# THE TASK:
In the listing below, locate the lines that hold the string "assumes". Copy those lines.
LISTED RECORDS START
lemma dmul_dadd_right: "dmul x (dadd a b) = dadd (dmul x a) (dmul x b)"
  by (simp add: dmul_def dadd_def fun_eq_iff algebra_simps sum.distrib)

lemma dpow_dmono: "dpow (dmono c d) k = dmono (\<lambda>v. \<Prod>i<k. c (v + of_nat (d * i))) (d * k)"
proof (induction k)
  case 0
  then show ?case by (simp add: done_ser_def dmono_def)
next
  case (Suc k)
  have "c v * (\<Prod>i<k. c (v + of_nat d + of_nat (d * i))) = (\<Prod>i<Suc k. c (v + of_nat (d * i)))" for v
    by (subst prod.lessThan_Suc_shift) (simp add: add.assoc)
  moreover have "(d \<le> n \<and> n - d = d * k) = (n = d * Suc k)" for n
    by auto
  ultimately show ?case
    unfolding dpow.simps Suc.IH dmul_dmono_left by (auto simp: dmono_def fun_eq_iff simp del: of_nat_mult)
qed

lemma dgeom_dmono:
  assumes "0 < d"
  shows "dgeom c d = (\<lambda>n v. if d dvd n then \<Prod>i<n div d. c (v + of_nat (d * i)) else 0)"
proof (intro ext)
  fix n v
  have "dgeom c d n v = (\<Sum>k\<le>n. if k = n div d \<and> d dvd n then \<Prod>i<k. c (v + of_nat (d * i)) else 0)"
    unfolding dgeom_def dpow_dmono using assms by (intro sum.cong) (auto simp: dmono_def)
  moreover have "n div d \<le> n"
    by simp
  ultimately show "dgeom c d n v = (if d dvd n then \<Prod>i<n div d. c (v + of_nat (d * i)) else 0)"
    by (simp cong: conj_cong)
qed

lemma dgeom_ratio:
  fixes f :: "complex \<Rightarrow> 'a::field"
  assumes "0 < d" and "\<And>u. f u \<noteq> 0"
  shows "dgeom (\<lambda>v. f v / f (v + of_nat d)) d = (\<lambda>n v. if d dvd n then f v / f (v + of_nat n) else 0)"
proof -
  have "(\<Prod>i<k. f (v + of_nat (d * i)) / f (v + of_nat (d * i) + of_nat d)) = f v / f (v + of_nat (d * k))"
    for k v
    using prod_lessThan_telescope'[of k "\<lambda>i. f (v + of_nat (d * i))"] assms(2)
    by (simp add: algebra_simps)
  then show ?thesis
    using assms(1) by (auto simp: dgeom_dmono fun_eq_iff)
qed

lemma dmul_binomials:
  "dmul (dsub done_ser (dmono p d)) (dsub done_ser (dmono q d)) =
     dadd (dsub done_ser (dmono (\<lambda>v. p v + q v) d)) (dmono (\<lambda>v. p v * q (v + of_nat d)) (2 * d))"
  unfolding dmul_dsub_left dmul_one_left dmul_dmono_left
  by (auto simp: fun_eq_iff dsub_def dadd_def dmono_def done_ser_def algebra_simps)

lemma dmul_binomial_left:
  "dmul (dsub done_ser (dmono c d)) x = (\<lambda>n v. x n v - (if d \<le> n then c v * x (n - d) (v + of_nat d) else 0))"
  unfolding dmul_dsub_left dmul_one_left dmul_dmono_left by (simp add: dsub_def)

lemma dmul_binomial_binomial:
  "dmul (dsub done_ser (dmono p d)) (dmul (dsub done_ser (dmono q d)) x) n v =
     x n v - (if d \<le> n then (p v + q v) * x (n - d) (v + of_nat d) else 0)
       + (if 2 * d \<le> n then p v * q (v + of_nat d) * x (n - 2 * d) (v + of_nat (2 * d)) else 0)"
proof -
  have "n - d - d = n - 2 * d" and "v + of_nat d + of_nat d = v + of_nat (2 * d)"
    by simp_all
  then show ?thesis
    by (auto simp: dmul_binomial_left algebra_simps)
qed

lemma dmul_trinomial_right:
  "dmul x (dadd (dsub done_ser (dmono p d)) (dmono q e)) =
     (\<lambda>n v. x n v - (if d \<le> n then x (n - d) v * p (v + of_nat (n - d)) else 0)
       + (if e \<le> n then x (n - e) v * q (v + of_nat (n - e)) else 0))"
  unfolding dmul_dadd_right dmul_dsub_right dmul_one_right dmul_dmono_right by (simp add: dsub_def dadd_def)

definition hY :: "(complex \<Rightarrow> 'a::field) \<Rightarrow> (complex \<Rightarrow> 'a) \<Rightarrow> complex \<Rightarrow> 'a" where
  "hY A Y u = Y u + A (u + 1) / Y (u + 2)"

definition kY :: "(complex \<Rightarrow> 'a::field) \<Rightarrow> (complex \<Rightarrow> 'a) \<Rightarrow> complex \<Rightarrow> 'a" where
  "kY A Y u = inverse (Y u) + Y (u - 2) / A (u - 1)"

lemma mod4_cases:
  fixes m :: nat
  obtains "m = 0" | "odd m" | j where "m = 4 * j + 2" | j where "m = 4 * j + 4"
proof -
  have "m = 0 \<or> odd m \<or> m = 4 * (m div 4) + 2 \<or> m = 4 * (m div 4 - 1) + 4"
    by presburger
  then show ?thesis
    using that by blast
qed

context
  fixes A B C :: "complex \<Rightarrow> 'a::field"
  assumes A_nonzero: "\<And>u. A u \<noteq> 0" and B_nonzero: "\<And>u. B u \<noteq> 0" and C_nonzero: "\<And>u. C u \<noteq> 0"
begin

lemma three_factor_product:
  "dmul (dgeom (\<lambda>v. C (v + 3) / C (v + 7)) 4)
     (dmul (dsub done_ser (dmono (\<lambda>v. C (v + 3) / B (v + 5)) 2))
           (dsub done_ser (dmono (\<lambda>v. B (v + 3) * C (v + 3) / A (v + 4)) 2))) =
   (\<lambda>m v. if m = 0 then 1
          else if m mod 4 = 2 then - C (v + 3) * kY A B (v + of_nat m + 3)
          else if m mod 4 = 0 then C (v + 3) * kY A C (v + of_nat m + 3)
          else 0)" (is "?L = ?R")
proof (intro ext)
  fix m v
  define g where "g = (\<lambda>m v. if 4 dvd m then C (v + 3) / C (v + of_nat m + 3) else (0::'a))"
  have "dgeom (\<lambda>v. C (v + 3) / C (v + 7)) 4 = g"
    using dgeom_ratio[of 4 "\<lambda>u. C (u + 3)"] C_nonzero by (simp add: g_def add_ac)
  then have L: "?L m v = g m v
       - (if 2 \<le> m then g (m - 2) v * (C (v + of_nat (m - 2) + 3) / B (v + of_nat (m - 2) + 5)
         + B (v + of_nat (m - 2) + 3) * C (v + of_nat (m - 2) + 3) / A (v + of_nat (m - 2) + 4)) else 0)
       + (if 4 \<le> m then g (m - 4) v * (C (v + of_nat (m - 4) + 3) / B (v + of_nat (m - 4) + 5)
         * (B (v + of_nat (m - 4) + 5) * C (v + of_nat (m - 4) + 5) / A (v + of_nat (m - 4) + 6))) else 0)"
    by (simp add: dmul_binomials dmul_trinomial_right)
  show "?L m v = ?R m v"
  proof (cases m rule: mod4_cases)
    case 1
    then show ?thesis unfolding L by (simp add: g_def C_nonzero)
  next
    case 2
    then have "m \<noteq> 0" "m mod 4 \<noteq> 0" "m mod 4 \<noteq> 2" "\<not> 4 dvd m"
      "2 \<le> m \<Longrightarrow> \<not> 4 dvd (m - 2)" "4 \<le> m \<Longrightarrow> \<not> 4 dvd (m - 4)"
      by presburger+
    with 2 show ?thesis unfolding L by (simp add: g_def)
  next
    case (3 j)
    then have "m mod 4 = 2" "\<not> 4 dvd m" "4 dvd (m - 2)" "4 \<le> m \<Longrightarrow> \<not> 4 dvd (m - 4)" "2 \<le> m"
      by presburger+
    moreover have "(of_nat (m - 2) :: complex) = of_nat m - 2"
      using \<open>2 \<le> m\<close> by simp
    ultimately show ?thesis
      unfolding L by (simp add: g_def kY_def field_simps A_nonzero B_nonzero C_nonzero)
  next
    case (4 j)
    then have "m mod 4 = 0" "4 dvd m" "\<not> 4 dvd (m - 2)" "4 dvd (m - 4)" "4 \<le> m"
      by presburger+
    moreover have "(of_nat (m - 4) :: complex) = of_nat m - 4"
      using \<open>4 \<le> m\<close> by simp
    ultimately show ?thesis
      unfolding L by (simp add: g_def kY_def field_simps A_nonzero B_nonzero C_nonzero)
  qed
qed

lemma five_factor_product:
  "dmul (dsub done_ser (dmono (\<lambda>v. A (v + 4) / (B (v + 5) * C (v + 5))) 2))
     (dmul (dsub done_ser (dmono (\<lambda>v. B (v + 3) / C (v + 5)) 2))
     (dmul (dgeom (\<lambda>v. C (v + 3) / C (v + 7)) 4)
     (dmul (dsub done_ser (dmono (\<lambda>v. C (v + 3) / B (v + 5)) 2))
           (dsub done_ser (dmono (\<lambda>v. B (v + 3) * C (v + 3) / A (v + 4)) 2)))))
    = (\<lambda>m v.
        if m = 0 then 1
        else if m mod 4 = 2 then
          (let j = m div 4 in
            - (kY A B (v + of_nat (4 * j + 5)) * hY A C (v + 3)
               + (if j = 0 then 0 else 1) * kY A C (v + of_nat (4 * j + 5)) * hY A B (v + 3)))
        else if m mod 4 = 0 then
          (let j = m div 4 - 1 in
            kY A B (v + of_nat (4 * j + 7)) * hY A B (v + 3)
            + kY A C (v + of_nat (4 * j + 7)) * hY A C (v + 3)
            - (if j = 0 then 1 else 0) * (A (v + 4) / A (v + 6)))
        else 0)" (is "?L = ?R")
proof (intro ext)
  fix m v
  let ?a = "\<lambda>v. A (v + 4) / (B (v + 5) * C (v + 5))" and ?b = "\<lambda>v. B (v + 3) / C (v + 5)"
  define P where "P = (\<lambda>m v. if m = 0 then 1
          else if m mod 4 = 2 then - C (v + 3) * kY A B (v + of_nat m + 3)
          else if m mod 4 = 0 then C (v + 3) * kY A C (v + of_nat m + 3)
          else (0::'a))"
  have L: "?L m v = P m v - (if 2 \<le> m then (?a v + ?b v) * P (m - 2) (v + 2) else 0)
      + (if 4 \<le> m then ?a v * ?b (v + 2) * P (m - 4) (v + 4) else 0)"
    using dmul_binomial_binomial[of ?a 2 ?b] by (simp add: three_factor_product P_def)
  show "?L m v = ?R m v"
  proof (cases m rule: mod4_cases)
    case 1
    then show ?thesis unfolding L by (simp add: P_def)
  next
    case 2
    have odd_mod4: "k \<noteq> 0" "k mod 4 \<noteq> 0" "k mod 4 \<noteq> 2" if "odd k" for k :: nat
      using that by presburger+
    have P_odd: "P k u = 0" if "odd k" for k u
      using odd_mod4[OF that] by (simp add: P_def)
    have "2 \<le> m \<Longrightarrow> odd (m - 2)" "4 \<le> m \<Longrightarrow> odd (m - 4)"
      using 2 by presburger+
    with 2 show ?thesis unfolding L by (simp add: P_odd odd_mod4[OF 2])
  next
    case (3 j)
    show ?thesis
    proof (cases j)
      case 0
      with 3 show ?thesis unfolding L
        by (simp add: P_def kY_def hY_def field_simps A_nonzero B_nonzero C_nonzero)
    next
      case (Suc i)
      with 3 have "m = 4 * i + 6" by simp
      moreover have "(4 * i + 2) mod 4 = 2"
        by presburger
      ultimately show ?thesis unfolding L
        by (simp add: P_def hY_def field_simps A_nonzero B_nonzero C_nonzero)
    qed
  next
    case (4 j)
    show ?thesis
    proof (cases j)
      case 0
      with 4 show ?thesis unfolding L
        by (simp add: P_def kY_def hY_def field_simps A_nonzero B_nonzero C_nonzero)
    next
      case (Suc i)
      with 4 have "m = 4 * i + 8" by simp
      moreover have "(4 * i + 4) mod 4 = 0"
        by presburger
      ultimately show ?thesis unfolding L
        by (simp add: P_def hY_def field_simps A_nonzero B_nonzero C_nonzero)
    qed
  qed
qed

end

lemma hf_eq_hY: "hf Q n a = hY (Yf Q (n - 2)) (Yf Q a)"
  by (simp add: fun_eq_iff hf_def hY_def)

lemma kf_eq_kY: "kf Q n a = kY (Yf Q (n - 2)) (Yf Q a)"
  by (simp add: fun_eq_iff kf_def kY_def)

theorem mainTheorem14:
  fixes Q :: "nat \<Rightarrow> complex \<Rightarrow> 'a::field" and n :: nat
  assumes "n \<ge> 4"
    and "\<And>a u. 1 \<le> a \<Longrightarrow> a \<le> n \<Longrightarrow> Q a u \<noteq> 0"
  shows
   "dmul (dsub done_ser (dmono (\<lambda>v. Yf Q (n-2) (v+4) / (Yf Q (n-1) (v+5) * Yf Q n (v+5))) 2))
     (dmul (dsub done_ser (dmono (\<lambda>v. Yf Q (n-1) (v+3) / Yf Q n (v+5)) 2))
     (dmul (dgeom (\<lambda>v. Yf Q n (v+3) / Yf Q n (v+7)) 4)
     (dmul (dsub done_ser (dmono (\<lambda>v. Yf Q n (v+3) / Yf Q (n-1) (v+5)) 2))
           (dsub done_ser (dmono (\<lambda>v. Yf Q (n-1) (v+3) * Yf Q n (v+3) / Yf Q (n-2) (v+4)) 2)))))
    = (\<lambda>m v.
        if m = 0 then 1
        else if m mod 4 = 2 then
          (let j = m div 4 in
            - (kf Q n (n-1) (v + of_nat (4*j+5)) * hf Q n n (v+3)
               + (if j = 0 then 0 else 1) * kf Q n n (v + of_nat (4*j+5)) * hf Q n (n-1) (v+3)))
        else if m mod 4 = 0 then
          (let j = m div 4 - 1 in
            kf Q n (n-1) (v + of_nat (4*j+7)) * hf Q n (n-1) (v+3)
            + kf Q n n (v + of_nat (4*j+7)) * hf Q n n (v+3)
            - (if j = 0 then 1 else 0) * (Yf Q (n-2) (v+4) / Yf Q (n-2) (v+6)))
        else 0)"
proof -
  have "Yf Q a u \<noteq> 0" if "1 \<le> a" "a \<le> n" for a u
    using assms(2)[OF that] by (simp add: Yf_def)
  then have "\<And>u. Yf Q (n - 2) u \<noteq> 0" "\<And>u. Yf Q (n - 1) u \<noteq> 0" "\<And>u. Yf Q n u \<noteq> 0"
    using assms(1) by auto
  then show ?thesis
    unfolding hf_eq_hY kf_eq_kY by (rule five_factor_product[of "Yf Q (n - 2)" "Yf Q (n - 1)" "Yf Q n"])
qed

end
LISTED RECORDS END
# RESULT FOR THIS EXERCISE:
  assumes "0 < d"
  assumes "0 < d" and "\<And>u. f u \<noteq> 0"
  assumes A_nonzero: "\<And>u. A u \<noteq> 0" and B_nonzero: "\<And>u. B u \<noteq> 0" and C_nonzero: "\<And>u. C u \<noteq> 0"
  assumes "n \<ge> 4"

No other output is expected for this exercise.